text \<open>If v 0 \<noteq> 0, multiplying the relation by B expresses B as a polynomial in S; otherwise the
  relation reads S * D = 0, and D = 0 is a shorter one.\<close>
lemma left_inverse_mem_matrix_algebra_of_dependent:
  fixes R :: "'a::field mat set"
  assumes R: "matrix_algebra n R" and S: "S \<in> R" and B: "B \<in> carrier_mat n n" "B * S = 1\<^sub>m n"
  shows "\<lbrakk>\<exists>k\<le>N. v k \<noteq> 0; mat_sum n (Suc N) (\<lambda>k. v k \<cdot>\<^sub>m S ^\<^sub>m k) = 0\<^sub>m n n\<rbrakk> \<Longrightarrow> B \<in> R"
proof (induct N arbitrary: v rule: less_induct)
  case (less N)
  have Sc: "S \<in> carrier_mat n n" using R S unfolding matrix_algebra_def by auto
  define D where "D = mat_sum n N (\<lambda>k. v (Suc k) \<cdot>\<^sub>m S ^\<^sub>m k)"
  have D: "D \<in> carrier_mat n n" unfolding D_def by simp
  have "mat_sum n (Suc N) (\<lambda>k. v k \<cdot>\<^sub>m S ^\<^sub>m k) =
      v 0 \<cdot>\<^sub>m 1\<^sub>m n + mat_sum n N (\<lambda>k. v (Suc k) \<cdot>\<^sub>m S ^\<^sub>m Suc k)"
    using Sc by (subst mat_sum_Suc_shift[of _ n]) auto
  also have "\<dots> = v 0 \<cdot>\<^sub>m 1\<^sub>m n + mat_sum n N (\<lambda>k. S * (v (Suc k) \<cdot>\<^sub>m S ^\<^sub>m k))"
    using mult_smult_distrib[OF Sc pow_carrier_mat[OF Sc]]
    by (simp add: pow_mat_Suc_left[OF Sc] del: pow_mat.simps(2))
  also have "\<dots> = v 0 \<cdot>\<^sub>m 1\<^sub>m n + S * D"
    using Sc unfolding D_def by (subst mult_mat_sum[of _ n]) auto
  finally have rel: "v 0 \<cdot>\<^sub>m 1\<^sub>m n + S * D = 0\<^sub>m n n" using less.prems(2) by simp
  have "B * (S * D) = (B * S) * D" using B(1) Sc D by (simp add: assoc_mult_mat)
  then have BSD: "B * (S * D) = D" using B(2) D by simp
  show "B \<in> R"
  proof (cases "v 0 = 0")
    case True
    have "0 \<cdot>\<^sub>m 1\<^sub>m n = (0\<^sub>m n n :: 'a mat)" by (rule eq_matI) auto
    then have "S * D = 0\<^sub>m n n" using rel True Sc D by simp
    then have "D = 0\<^sub>m n n" using BSD B by simp
    moreover obtain N' where "N = Suc N'" and "\<exists>k\<le>N'. v (Suc k) \<noteq> 0"
      using less.prems(1) True by (metis Suc_le_mono le_0_eq not0_implies_Suc)
    ultimately show ?thesis using less.hyps[of N' "\<lambda>k. v (Suc k)"] unfolding D_def by simp
  next
    case False
    have "B * (v 0 \<cdot>\<^sub>m 1\<^sub>m n + S * D) = B * (v 0 \<cdot>\<^sub>m 1\<^sub>m n) + B * (S * D)"
      using B Sc D by (intro mult_add_distrib_mat) auto
    also have "\<dots> = v 0 \<cdot>\<^sub>m B + D"
      using B BSD by (simp add: mult_smult_distrib[OF B(1) one_carrier_mat])
    finally have "v 0 \<cdot>\<^sub>m B + D = 0\<^sub>m n n" using rel B by simp
    then have "B = (- inverse (v 0)) \<cdot>\<^sub>m D"
      using False B D by (auto simp: mat_eq_iff field_simps eq_neg_iff_add_eq_0)
    moreover have "D \<in> R"
      unfolding D_def using R S by (intro matrix_algebra_mat_sum) (auto simp: matrix_algebra_def matrix_algebra_pow)
    ultimately show ?thesis using R unfolding matrix_algebra_def by simp
  qed
qed

lemma left_inverse_mem_matrix_algebra:
  fixes R :: "'a::field mat set"
  assumes "matrix_algebra n R" "S \<in> R" "B \<in> carrier_mat n n" "B * S = 1\<^sub>m n"
  shows "B \<in> R"
proof -
  have "S \<in> carrier_mat n n" using assms(1,2) unfolding matrix_algebra_def by auto
  then show ?thesis
    using powers_linearly_dependent left_inverse_mem_matrix_algebra_of_dependent[OF assms] by blast
qed

section \<open>Refinements of partitions\<close>

text \<open>In the refinement concat (map P [0..<length ns]) of a partition ns, strip i of ns is split
  into the strips P i, the first of which has index sub_base P i.\<close>
definition sub_base :: "(nat \<Rightarrow> nat list) \<Rightarrow> nat \<Rightarrow> nat" where
  "sub_base P i = (\<Sum>k<i. length (P k))"

lemma length_concat_map_upt: "length (concat (map P [0..<i])) = sub_base P i"
  unfolding sub_base_def by (induct i) auto

lemma sum_list_concat_map_upt: "sum_list (concat (map P [0..<i])) = (\<Sum>k<i. sum_list (P k))"
  by (induct i) auto

lemma concat_map_upt_split:
  assumes "i < t"
  shows "concat (map P [0..<t]) = concat (map P [0..<i]) @ P i @ concat (map P [Suc i..<t])"
proof -
  have "[0..<t] = [0..<i] @ i # [Suc i..<t]" using assms
    by (metis less_imp_add_positive upt_add_eq_append upt_conv_Cons zero_le)
  then show ?thesis by simp
qed

lemma nth_concat_map_upt:
  assumes "i < t" "u < length (P i)"
  shows "concat (map P [0..<t]) ! (sub_base P i + u) = P i ! u"
  using assms by (subst concat_map_upt_split[of i t P]) (simp_all add: nth_append length_concat_map_upt)

lemma off_concat_map_upt:
  assumes "i < t" "u \<le> length (P i)"
  shows "off (concat (map P [0..<t])) (sub_base P i + u) = (\<Sum>k<i. sum_list (P k)) + off (P i) u"
proof -
  have "take (sub_base P i + u) (concat (map P [0..<t])) = concat (map P [0..<i]) @ take u (P i)"
    using assms by (subst concat_map_upt_split[of i t P]) (simp_all add: length_concat_map_upt)
  then show ?thesis by (simp add: off_def sum_list_concat_map_upt)
qed

lemma sub_base_add_length_le:
  assumes "i < j"
  shows "sub_base P i + length (P i) \<le> sub_base P j"
proof -
  have "(\<Sum>k<Suc i. length (P k)) \<le> (\<Sum>k<j. length (P k))" using assms by (intro sum_mono2) auto
  then show ?thesis unfolding sub_base_def by simp
qed

lemma index_concat_map_upt_cases:
  assumes "a < length (concat (map P [0..<t]))"
  obtains i u where "i < t" "u < length (P i)" "a = sub_base P i + u"
proof -
  have "\<exists>i<t. \<exists>u<length (P i). a = sub_base P i + u" using assms
  proof (induct t)
    case (Suc t)
    show ?case
    proof (cases "a < sub_base P t")
      case True
      then have "\<exists>i<t. \<exists>u<length (P i). a = sub_base P i + u"
        by (intro Suc.hyps) (simp add: length_concat_map_upt)
      then show ?thesis using less_SucI by blast
    next
      case False
      then have "a - sub_base P t < length (P t)" "a = sub_base P t + (a - sub_base P t)"
        using Suc.prems by (auto simp: length_concat_map_upt sub_base_def)
      then show ?thesis by blast
    qed
  qed simp
  then show ?thesis using that by blast
qed

lemma concat_map_upt_sub_base:
  "concat (map Q [0..<sub_base P t]) = concat (map (\<lambda>i. concat (map Q [sub_base P i..<sub_base P (Suc i)])) [0..<t])"
proof (induct t)
  case (Suc t)
  have "sub_base P (Suc t) = sub_base P t + length (P t)" by (simp add: sub_base_def)
  then have "[0..<sub_base P (Suc t)] = [0..<sub_base P t] @ [sub_base P t..<sub_base P (Suc t)]"
    using upt_add_eq_append[of 0 "sub_base P t" "length (P t)"] by simp
  then show ?case using Suc by simp
qed (simp add: sub_base_def)

definition refinement :: "(nat \<times> nat) set \<Rightarrow> nat list \<Rightarrow> (nat \<Rightarrow> nat list) \<Rightarrow> nat list \<Rightarrow> bool" where
  "refinement E ns P ns1 \<longleftrightarrow> ns1 = concat (map P [0..<length ns]) \<and>
     (\<forall>i<length ns. sum_list (P i) = ns ! i) \<and> (\<forall>(i, j)\<in>E. P i = P j)"

context
  fixes E ns P ns1
  assumes P: "refinement E ns P ns1"
begin

lemma refinement_off:
  assumes "i < length ns" "u \<le> length (P i)"
  shows "off ns1 (sub_base P i + u) = off ns i + off (P i) u"
proof -
  have "(\<Sum>k<i. sum_list (P k)) = off ns i"
    using P assms(1) by (simp add: refinement_def off_eq_sum)
  then show ?thesis using P assms by (simp add: refinement_def off_concat_map_upt)
qed

lemma refinement_nth: "\<lbrakk>i < length ns; u < length (P i)\<rbrakk> \<Longrightarrow> ns1 ! (sub_base P i + u) = P i ! u"
  using P by (simp add: refinement_def nth_concat_map_upt)

lemma refinement_length: "length ns1 = sub_base P (length ns)"
  using P by (simp add: refinement_def length_concat_map_upt)

lemma refinement_index_lt: "\<lbrakk>i < length ns; u < length (P i)\<rbrakk> \<Longrightarrow> sub_base P i + u < length ns1"
  using sub_base_add_length_le[of i "length ns" P] refinement_length by simp

lemma refinement_sub_strip_le: "\<lbrakk>i < length ns; u < length (P i)\<rbrakk> \<Longrightarrow> off (P i) u + P i ! u \<le> ns ! i"
  using P off_add_nth_le_sum_list[of u "P i"] by (simp add: refinement_def)

lemma refinement_sum_list: "sum_list ns1 = sum_list ns"
proof -
  have "sum_list ns1 = (\<Sum>k<length ns. sum_list (P k))"
    using P by (simp add: refinement_def sum_list_concat_map_upt)
  also have "\<dots> = (\<Sum>k<length ns. ns ! k)"
    using P by (simp add: refinement_def)
  finally show ?thesis by (simp add: sum_list_eq_sum)
qed

lemma refinement_index_cases:
  assumes "a < length ns1"
  obtains i u where "i < length ns" "u < length (P i)" "a = sub_base P i + u"
proof -
  have "a < length (concat (map P [0..<length ns]))" using assms P by (simp add: refinement_def)
  then obtain i u where "i < length ns" "u < length (P i)" "a = sub_base P i + u"
    by (rule index_concat_map_upt_cases)
  then show ?thesis by (rule that)
qed

lemma blk_refinement_entry:
  assumes i: "i < length ns" and j: "j < length ns" and u: "u < length (P i)" and v: "v < length (P j)"
    and p: "p < P i ! u" and q: "q < P j ! v"
  shows "blk ns1 X (sub_base P i + u) (sub_base P j + v) $$ (p, q) =
    bent ns X i j (off (P i) u + p) (off (P j) v + q)"
proof -
  have "off (P i) u + p < ns ! i" "off (P j) v + q < ns ! j"
    using refinement_sub_strip_le[OF i u] refinement_sub_strip_le[OF j v] p q by linarith+
  moreover have "off ns1 (sub_base P i + u) = off ns i + off (P i) u"
    "off ns1 (sub_base P j + v) = off ns j + off (P j) v"
    using refinement_off[OF i] refinement_off[OF j] u v by simp_all
  ultimately show ?thesis
    unfolding blk_def bent_def using p q refinement_nth[OF i u] refinement_nth[OF j v]
    by (simp add: add.assoc)
qed

end

lemma refinement_singletons:
  assumes "compatible_strips E ns"
  shows "refinement E ns (\<lambda>i. [ns ! i]) ns"
proof -
  have "concat (map (\<lambda>i. [ns ! i]) [0..<length ns]) = ns"
    by (simp add: map_concat[symmetric] map_nth)
  moreover have "\<forall>(i, j)\<in>E. [ns ! i] = [ns ! j]"
    using assms unfolding compatible_strips_def by fastforce
  ultimately show ?thesis unfolding refinement_def by simp
qed

section \<open>Belitskii's algorithm\<close>

lemma sum_list_filter_nonzero: "sum_list (filter (\<lambda>x. x \<noteq> 0) xs) = sum_list (xs :: nat list)"
  by (induct xs) auto

lemma sum_list_concat_nat: "sum_list (concat xss) = sum_list (map sum_list (xss :: nat list list))"
  by (induct xss) auto

lemma sum_list_differences_telescope:
  fixes ms :: "nat list"
  assumes "sorted_wrt (\<ge>) ms" "j < length ms"
  shows "sum_list (map (\<lambda>i. ms ! i - (if Suc i < length ms then ms ! Suc i else 0)) [j..<length ms]) = ms ! j"
  using assms(2)
proof (induct "length ms - j" arbitrary: j)
  case (Suc k)
  have upt: "[j..<length ms] = j # [Suc j..<length ms]" using Suc.prems by (simp add: upt_conv_Cons)
  show ?case
  proof (cases "Suc j < length ms")
    case True
    then have "ms ! Suc j \<le> ms ! j" using sorted_wrt_nth_less[OF assms(1), of j "Suc j"] by simp
    moreover have "sum_list (map (\<lambda>i. ms ! i - (if Suc i < length ms then ms ! Suc i else 0))
        [Suc j..<length ms]) = ms ! Suc j"
      using Suc.hyps(2) True by (intro Suc.hyps(1)) arith+
    ultimately show ?thesis using True unfolding upt by simp
  next
    case False
    then show ?thesis using Suc.prems unfolding upt by simp
  qed
qed simp

lemma sum_list_std_part_block:
  assumes "sorted_wrt (\<ge>) ms"
  shows "sum_list (std_part_block ms) = sum_list ms"
proof -
  have "sum_list (std_part_block ms) = (\<Sum>j<length ms.
      sum_list (map (\<lambda>i. ms ! i - (if Suc i < length ms then ms ! Suc i else 0)) [j..<length ms]))"
    unfolding std_part_block_def sum_list_filter_nonzero by (rule sum_list_concat_map_upt)
  also have "\<dots> = (\<Sum>j<length ms. ms ! j)"
    using sum_list_differences_telescope[OF assms] by simp
  finally show ?thesis by (simp only: sum_list_eq_sum)
qed

lemma sum_list_std_part: "weyr_data ws \<Longrightarrow> sum_list (std_part ws) = dim_row (weyr_mat ws)"
  by (simp add: std_part_def weyr_mat_def weyr_data_def Let_def sum_list_concat_nat
      sum_list_std_part_block o_def cong: map_cong)

lemma refine_singletons: "refine ns (\<lambda>i. [ns ! i]) = ns"
  unfolding refine_def by (simp add: map_concat[symmetric] map_nth)
lemma (in group) pgroup_proper_subgroup_index:
  fixes p :: nat
  assumes P: "subgroup P G" "finite P" and p: "Factorial_Ring.prime p" "card P = p ^ k"
    and Y: "subgroup Y G" "Y \<subset> P"
  shows "p dvd card {Y #> g | g. g \<in> P}" and "\<exists>j. card Y = p ^ j"
proof -
  define E where "E = {Y #> g | g. g \<in> P}"
  have "rcosets\<^bsub>G\<lparr>carrier := P\<rparr>\<^esub> Y = E"
    unfolding RCOSETS_def r_coset_def E_def by auto
  hence lagrange: "card E * card Y = card P"
    using group.lagrange[OF subgroup.subgroup_is_group[OF P(1) is_group] subgroup_incl[OF Y(1) P(1)]] Y(2)
    by (simp add: order_def)
  have "card E dvd p ^ k" using lagrange p(2) by (metis dvd_triv_left)
  then obtain i where i: "card E = p ^ i" using divides_primepow_nat[OF p(1)] by blast
  have "card Y < card P" using psubset_card_mono[OF P(2) Y(2)] .
  hence "i \<noteq> 0" using lagrange i by (metis less_irrefl mult_1 power_0)
  thus "p dvd card {Y #> g | g. g \<in> P}" using i unfolding E_def by (simp add: dvd_power)
  have "card Y dvd p ^ k" using lagrange p(2) by (metis dvd_triv_right)
  thus "\<exists>j. card Y = p ^ j" using divides_primepow_nat[OF p(1)] by blast
qed
(* Suppose Assumptions A, B($\gamma$), C($\gamma$) are satisfied for some $\gamma\in(0,1]$. Let $\phi\in C^\infty_0(\mathbb{R}^d)$, $\tau\in(0,\infty)$, and let $u^m,u\in\mathbb{W}^1_p(-\infty,\infty)$, $m=1,2,\dots$, be such that $u^m\to u$ weakly in $\mathbb{W}^1_p(-\infty,\infty)$. For $m=1,2,\dots$ define $\chi_m(t)=(-m)\vee t\wedge m$, $\mathfrak{b}^i_{mt}=\chi_m(\mathfrak{b}^i_t)$, $b^i_{mt}=\chi_m(b^i_t)$, $c_{mt}=\chi_m(c_t)$. Then, as $m\to\infty$, the functions $$t\mapsto\int_0^t(b^i_{ms}D_iu^m_s,\phi)\,ds,\quad t\mapsto\int_0^t(\mathfrak{b}^i_{ms}u^m_s,D_i\phi)\,ds,\quad t\mapsto\int_0^t(c_{ms}u^m_s,\phi)\,ds$$ converge weakly in $\mathcal{L}_p([-\tau,\tau])$ to $$t\mapsto\int_0^t(b^i_sD_iu_s,\phi)\,ds,\quad t\mapsto\int_0^t(\mathfrak{b}^i_su_s,D_i\phi)\,ds,\quad t\mapsto\int_0^t(c_su_s,\phi)\,ds,$$ respectively.
   Context: Fix $d\ge1$, $p\in(1,\infty)$, $p'=p/(p-1)$. $\mathcal{L}_p=\mathcal{L}_p(\mathbb{R}^d)$; $W^1_p$ the Sobolev space of $u\in\mathcal{L}_p$ with $Du\in\mathcal{L}_p$; $\mathbb{W}^1_p(-\infty,\infty)=\mathcal{L}_p(\mathbb{R};W^1_p)$; $(\cdot,\cdot)$ the $L_2(\mathbb{R}^d)$ pairing; $D_i=\partial/\partial x^i$; summation convention. $B_\rho(x)$ open ball. Coefficients $a^{ij}_t(x),\mathfrak{b}^i_t(x),b^i_t(x),c_t(x)$ on $\mathbb{R}\times\mathbb{R}^d$; $\mathfrak{b}=(\mathfrak{b}^i)$, $b=(b^i)$. Fixed constants: $K\ge0$, $\rho_0,\rho_1\in(0,1]$, $q=q(d,p)$ with $q>\min(d,p)$, $q>\min(d,p')$, $q\ge\max(d,p,p')$. Assumption A: (i) $a,\mathfrak{b},b,c$ real-valued Borel measurable, $c\ge0$; (ii) there is $\delta>0$ with $a^{ij}\xi^i\xi^j\ge\delta|\xi|^2$, $|a^{ij}|\le\delta^{-1}$; (iii) for every $x$, $t\mapsto\int_{B_1(0)}(|\mathfrak{b}_t(x+y)|+|b_t(x+y)|+c_t(x+y))\,dy$ is locally integrable to the power $p'$ on $\mathbb{R}$. Assumption B($\gamma$): for all $(t,x)$, $\int_{B_{\rho_1}(x)}\int_{B_{\rho_1}(x)}(|\mathfrak{b}_t(y)-\mathfrak{b}_t(z)|^q+|b_t(y)-b_t(z)|^q+|c_t(y)-c_t(z)|^q)\,dy\,dz\le K1_{q>d}+\rho_1^d\gamma$. Assumption C($\gamma$): for all $\rho\in(0,\rho_0]$, $s\in\mathbb{R}$, $i,j$: $\rho^{-2d-2}\int_s^{s+\rho^2}\sup_{x}\int_{B_\rho(x)}\int_{B_\rho(x)}|a^{ij}_t(y)-a^{ij}_t(z)|\,dy\,dz\,dt\le\gamma$. *)

theory Defs
  imports "HOL-Analysis.Analysis"
begin
definition sybil_proof ::
  "nat \<Rightarrow> (nat \<Rightarrow> real) \<Rightarrow> real \<Rightarrow> nat \<Rightarrow> (nat \<Rightarrow> nat) \<Rightarrow> (nat \<Rightarrow> real) \<Rightarrow> bool" where
  "sybil_proof n a h k p w \<longleftrightarrow>
     (\<forall>i<n. \<forall>s. (\<forall>j<k. s j \<ge> 0) \<and> (\<Sum>j<k. s j) = a i \<longrightarrow>
        sybil_payoff n a h k p w i s \<le>
          (if stake n a p w (p i) \<ge> h then a i / stake n a p w (p i) else 0))"

end

theory Submission
  imports Defs "HOL-Library.Multiset"
begin

(*
Take four atomic players of stake 1, no non-atomic players, and threshold 3/2. Total stake 4
leaves room for at most two winning pools, and the split into two pools of stake 2 is the
balanced one, hence lexicographically optimal. Moving to the other pool would pay 1/3 < 1/2, so
the split is a Nash equilibrium. But a player who leaves 1/2 in her own pool keeps it winning at
stake 3/2 and puts the other 1/2 into the second pool, earning 1/3 + 1/5 = 8/15 > 1/2.
*)

lemma sum_stake:
  assumes "valid_partition n M k p w"
  shows "(\<Sum>j<k. stake n a p w j) = (\<Sum>i<n. a i) + M"
proof -
  have "(\<Sum>j<k. \<Sum>i\<in>{i. i < n \<and> p i = j}. a i) = (\<Sum>j<k. \<Sum>i\<in>{i\<in>{..<n}. p i = j}. a i)"
    by (simp add: conj_commute)
  also have "\<dots> = (\<Sum>i<n. a i)"
    by (rule sum.group) (use assms in \<open>auto simp: valid_partition_def\<close>)
  finally show ?thesis
    using assms by (simp add: stake_def sum.distrib valid_partition_def)
qed

lemma stake_pos:
  assumes "valid_partition n M k p w" "\<forall>i<n. 0 < a i" "j < k"
  shows "0 < stake n a p w j"
proof -
  have atoms: "0 \<le> (\<Sum>i\<in>{i. i < n \<and> p i = j}. a i)"
    using assms(2) by (intro sum_nonneg) auto
  have "w j \<ge> 0" using assms by (auto simp: valid_partition_def)
  consider i where "i < n" "p i = j" | "0 < w j"
    using assms(1,3) unfolding valid_partition_def by blast
  then show ?thesis
  proof cases
    case (1 i)
    then have "a i \<le> (\<Sum>i\<in>{i. i < n \<and> p i = j}. a i)"
      using assms(2) by (intro member_le_sum) auto
    with 1 assms(2) \<open>w j \<ge> 0\<close> show ?thesis unfolding stake_def by force
  next
    case 2
    with atoms show ?thesis unfolding stake_def by linarith
  qed
qed

lemma sum_list_sorted_stakes:
  "sum_list (sorted_stakes n a k p w) = (\<Sum>j<k. stake n a p w j)"
  unfolding sorted_stakes_def
  by (metis mset_sort sum_mset_sum_list interv_sum_list_conv_sum_set_nat atLeast0LessThan set_upt)

lemma num_winning_le_pools: "num_winning n a h k p w \<le> k"
  unfolding num_winning_def by (rule order_trans[OF card_mono[of "{..<k}"]]) auto

lemma num_winning_mult_threshold_le:
  assumes "valid_partition n M k p w" "\<forall>i<n. 0 < a i"
  shows "real (num_winning n a h k p w) * h \<le> (\<Sum>i<n. a i) + M"
proof -
  let ?W = "{j. j < k \<and> h \<le> stake n a p w j}"
  have "real (card ?W) * h = (\<Sum>j\<in>?W. h)" by simp
  also have "\<dots> \<le> (\<Sum>j\<in>?W. stake n a p w j)" by (rule sum_mono) auto
  also have "\<dots> \<le> (\<Sum>j<k. stake n a p w j)"
    using stake_pos[OF assms] by (intro sum_mono2) (auto intro: less_imp_le)
  also have "\<dots> = (\<Sum>i<n. a i) + M" by (rule sum_stake[OF assms(1)])
  finally show ?thesis unfolding num_winning_def .
qed

lemma max_winningI:
  assumes "valid_partition n M k p w" "\<forall>i<n. 0 < a i" "0 < h"
    and "(\<Sum>i<n. a i) + M < real (num_winning n a h k p w + 1) * h"
  shows "max_winning n a M h k p w"
  unfolding max_winning_def
proof (intro conjI allI impI assms(1))
  fix k' p' w'
  assume "valid_partition n M k' p' w'"
  from num_winning_mult_threshold_le[OF this assms(2), where h = h] assms(4)
  have "real (num_winning n a h k' p' w') * h < real (num_winning n a h k p w + 1) * h"
    by linarith
  with assms(3) show "num_winning n a h k' p' w' \<le> num_winning n a h k p w" by simp
qed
════════════════════
Problem statement. Would you print exactly, and only, the lines of the data above from the line with "(map Q [0..<sub_base" through the line with "t)] = [0..<sub_base", inclusive?

Written answer.
  "concat (map Q [0..<sub_base P t]) = concat (map (\<lambda>i. concat (map Q [sub_base P i..<sub_base P (Suc i)])) [0..<t])"
proof (induct t)
  case (Suc t)
  have "sub_base P (Suc t) = sub_base P t + length (P t)" by (simp add: sub_base_def)
  then have "[0..<sub_base P (Suc t)] = [0..<sub_base P t] @ [sub_base P t..<sub_base P (Suc t)]"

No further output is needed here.